Aceh sedang tidak baik-baik saja.

Pendidikan Agama Islam di Kelas Modern, Partisipasi Masih Jadul: Saat Guru Aktif, Siswa Pasif

Ayo ciptakan kelas PAI yang menyenangkan dan interaktif! Pelajari strategi PjBL, P4C, dan flipped classroom agar siswa lebih kritis dan partisipatif.

Oleh Muhammad Muhaimin

Di tengah hiruk-pikuk era digital yang semakin menyentuh semua aspek kehidupan, ruang kelas Pendidikan Agama Islam (PAI) di sekolah-sekolah di Indonesia tampaknya telah beralih secara drastis. Guru PAI kini dilengkapi dengan proyektor interaktif, aplikasi Al-Qur’an yang berbasis AI, video animasi tentang kisah para nabi yang dihasilkan dengan software canggih dan platform seperti Google Classroom serta Zoom untuk diskusi secara daring sebagai alat utama pengajaran mereka. Selama masa pandemi COVID-19, banyak guru yang berinovasi dengan melakukan live streaming untuk kajian fiqih kontemporer atau podcast mengenai akhlak remaja. Meski dengan adanya kemajuan teknologi ini, terdapat ironi yang mencolok: cara interaksi dalam kelas masih banyak terikat pada metode tradisional di mana guru menjadi pusat utama, sementara siswa lebih banyak berperan sebagai penerima informasi tanpa aktif berpartisipasi.

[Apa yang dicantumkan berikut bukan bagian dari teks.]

lemma coarse_metrizable_ideal_imp_countable:
  fixes I :: "'a::ab_group_add set set"
  assumes "coarse_metrizable (ideal_coarse_structure I)"
    and countable: "\<And>A. A \<in> I \<Longrightarrow> countable A" and singleton: "\<And>x. {x} \<in> I"
  shows "countable (UNIV :: 'a set)"
proof -
  from assms(1) obtain \<B> where "countable \<B> \<and> \<B> \<subseteq> ideal_coarse_structure I \<and>
      (\<forall>E\<in>ideal_coarse_structure I. \<exists>F\<in>\<B>. E \<subseteq> F)"
    unfolding coarse_metrizable_def ..
  then have \<B>: "countable \<B>" "\<B> \<subseteq> ideal_coarse_structure I"
    "\<forall>E\<in>ideal_coarse_structure I. \<exists>F\<in>\<B>. E \<subseteq> F"
    by simp_all
  have "\<forall>F\<in>\<B>. \<exists>A. A \<in> I \<and> F \<subseteq> ideal_entourage A"
    using \<B>(2) unfolding ideal_coarse_structure_def by blast
  then obtain A where A: "\<And>F. F \<in> \<B> \<Longrightarrow> A F \<in> I \<and> F \<subseteq> ideal_entourage (A F)"
    by metis
  have "x \<in> (\<Union>F\<in>\<B>. A F)" for x
  proof -
    have "ideal_entourage {x} \<in> ideal_coarse_structure I"
      using singleton unfolding ideal_coarse_structure_def by blast
    then obtain F where "F \<in> \<B>" "ideal_entourage {x} \<subseteq> F" using \<B>(3) by blast
    then have "(x, 0) \<in> ideal_entourage (A F)" using A by fastforce
    with \<open>F \<in> \<B>\<close> show ?thesis by auto
  qed
  then have "UNIV = (\<Union>F\<in>\<B>. A F)" by blast
  moreover have "countable (\<Union>F\<in>\<B>. A F)"
    using \<B>(1) A countable by blast
  ultimately show ?thesis by simp
qed

lemma coarse_metrizable_ideal_coarse_structureI:
  assumes "countable \<A>" and "\<A> \<subseteq> I" and "\<And>A. A \<in> I \<Longrightarrow> \<exists>B\<in>\<A>. A \<subseteq> B"
  shows "coarse_metrizable (ideal_coarse_structure I)"
  unfolding coarse_metrizable_def
proof (intro exI conjI ballI)
  show "countable (ideal_entourage ` \<A>)" using assms(1) by simp
  show "ideal_entourage ` \<A> \<subseteq> ideal_coarse_structure I"
    using assms(2) unfolding ideal_coarse_structure_def by blast
  fix E assume "E \<in> ideal_coarse_structure I"
  then obtain A where "A \<in> I" and E: "E \<subseteq> ideal_entourage A"
    unfolding ideal_coarse_structure_def by blast
  then obtain B where "B \<in> \<A>" "A \<subseteq> B" using assms(3) by blast
  then show "\<exists>F\<in>ideal_entourage ` \<A>. E \<subseteq> F"
    using subset_trans[OF E ideal_entourage_mono] by blast
qed

definition seq_diffs :: "(nat \<Rightarrow> 'a::ab_group_add) \<Rightarrow> 'a set" where
  "seq_diffs a = set_diff_grp (insert 0 (range a)) (insert 0 (range a))"

primrec seq_ball :: "(nat \<Rightarrow> 'a::ab_group_add) \<Rightarrow> nat \<Rightarrow> 'a set" where
  "seq_ball a 0 = {0}"
| "seq_ball a (Suc k) = set_diff_grp (seq_ball a k) (seq_diffs a)"

definition seq_bounded_ideal :: "(nat \<Rightarrow> 'a::ab_group_add) \<Rightarrow> 'a set set" where
  "seq_bounded_ideal a = {A. \<exists>F k. finite F \<and> A \<subseteq> set_diff_grp F (seq_ball a k)}"

lemma zero_in_seq_diffs: "0 \<in> seq_diffs a"
  unfolding seq_diffs_def set_diff_grp_def by force

lemma uminus_in_seq_diffs: "x \<in> seq_diffs a \<Longrightarrow> - x \<in> seq_diffs a"
  unfolding seq_diffs_def set_diff_grp_def by force

lemma sym_tail_subset_seq_diffs: "sym_tail a m \<subseteq> seq_diffs a"
proof
  fix e assume "e \<in> sym_tail a m"
  then consider "e = 0 - 0" | n where "e = a n - 0" | n where "e = 0 - a n"
    unfolding sym_tail_def by auto
  then show "e \<in> seq_diffs a"
    unfolding seq_diffs_def set_diff_grp_def by cases blast+
qed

Pendidikan Agama Islam di Kelas Modern, Partisipasi Masih Jadul

Bayangkan situasi di sebuah kelas Pendidikan Agama Islam di SMA negeri Jakarta: Guru memperlihatkan video singkat mengenai rukun iman, kemudian beralih ke slide PowerPoint yang berisi berbagai dalil, sedangkan siswa? Mereka mencatat, mengangguk setuju, menghafal materi dan menjawab pertanyaan ujian dengan mengulangi apa yang sudah disampaikan. Pola "Guru-Ceramah-Siswa-Mencatat-Menghafal-Ujian" ini bukan hanya membosankan, tetapi juga tidak gagal menciptakan pemahaman yang mendalam. Siswa mungkin bisa menghafal 30 juz Al-Qur’an, namun ketika ditanya "Bagaimana cara menghadapi bullying di media sosial dengan akhlak Rasulullah? " atau "Apa relevansi zakat dalam konteks ekonomi gig? ", jawaban mereka sering kali hampa atau hanya mengulang kutipan buku tanpa penjelasan yang tepat. Fenomena ini bukan hanya sebuah anekdot; penelitian terkini menunjukan bahwa keterlibatan siswa dalam Pendidikan Agama Islam masih sangat kurang, walaupun kelasnya sudah dianggap "modern".

Mengapa Partisipasi Siswa Masih Terjebak di Pola Jadul?

Beberapa studi empiris di Indonesia mengungkap akar permasalahan ini dengan data yang mengkhawatirkan. Pertama, dominasi wacana guru yang masih tinggi. Penelitian kualitatif dilakukan oleh Ritonga dan Halimah (2023) di MAN 1 Medan menunjukkan bahwa guru PAI mendominasi hingga 80% waktu pelajaran, sementara siswa hanya berbicara sekitar 10-15% untuk merespons pertanyaan sederhana. Hal serupa terlihat dalam analisis wacana pedagogik oleh peneliti di Universitas Muhammadiyah Metro (2023), di mana rasio inisiatif berbicara antara guru dan siswa mencapai 90:10, yang memperkuat pola teacher-centered yang dapat menghambat kreativitas siswa. 

Kedua, ketergantungan pada metode pengajaran ceramah meskipun berada di era digital. Sebuah penelitian yang dilakukan oleh Pusat Penelitian Kebijakan Pendidikan dan Kebudayaan (Puslitjakdikbud) pada tahun 2024 terhadap 1.500 guru PAI di Jawa menunjukkan bahwa 65% masih mengandalkan ceramah sebagai metode yang utama, meskipun 90% telah memanfaatkan media digital seperti proyektor LCD atau YouTube. Penelitian lain oleh Sukana (2024) yang diterbitkan dalam Jurnal Pendidikan Tambusai menegaskan bahwa integrasi teknologi sering kali hanya bersifat permukaan, video ditayangkan, tetapi diskusi tetap minim, sehingga siswa tidak aktif terlibat. Dampaknya, pembelajaran PAI gagal mentransfer pengetahuan menjadi keterampilan berpikir kritis, terutama ketika dihadapkan pada isu kontemporer seperti etika di dunia digital atau toleransi antaragama.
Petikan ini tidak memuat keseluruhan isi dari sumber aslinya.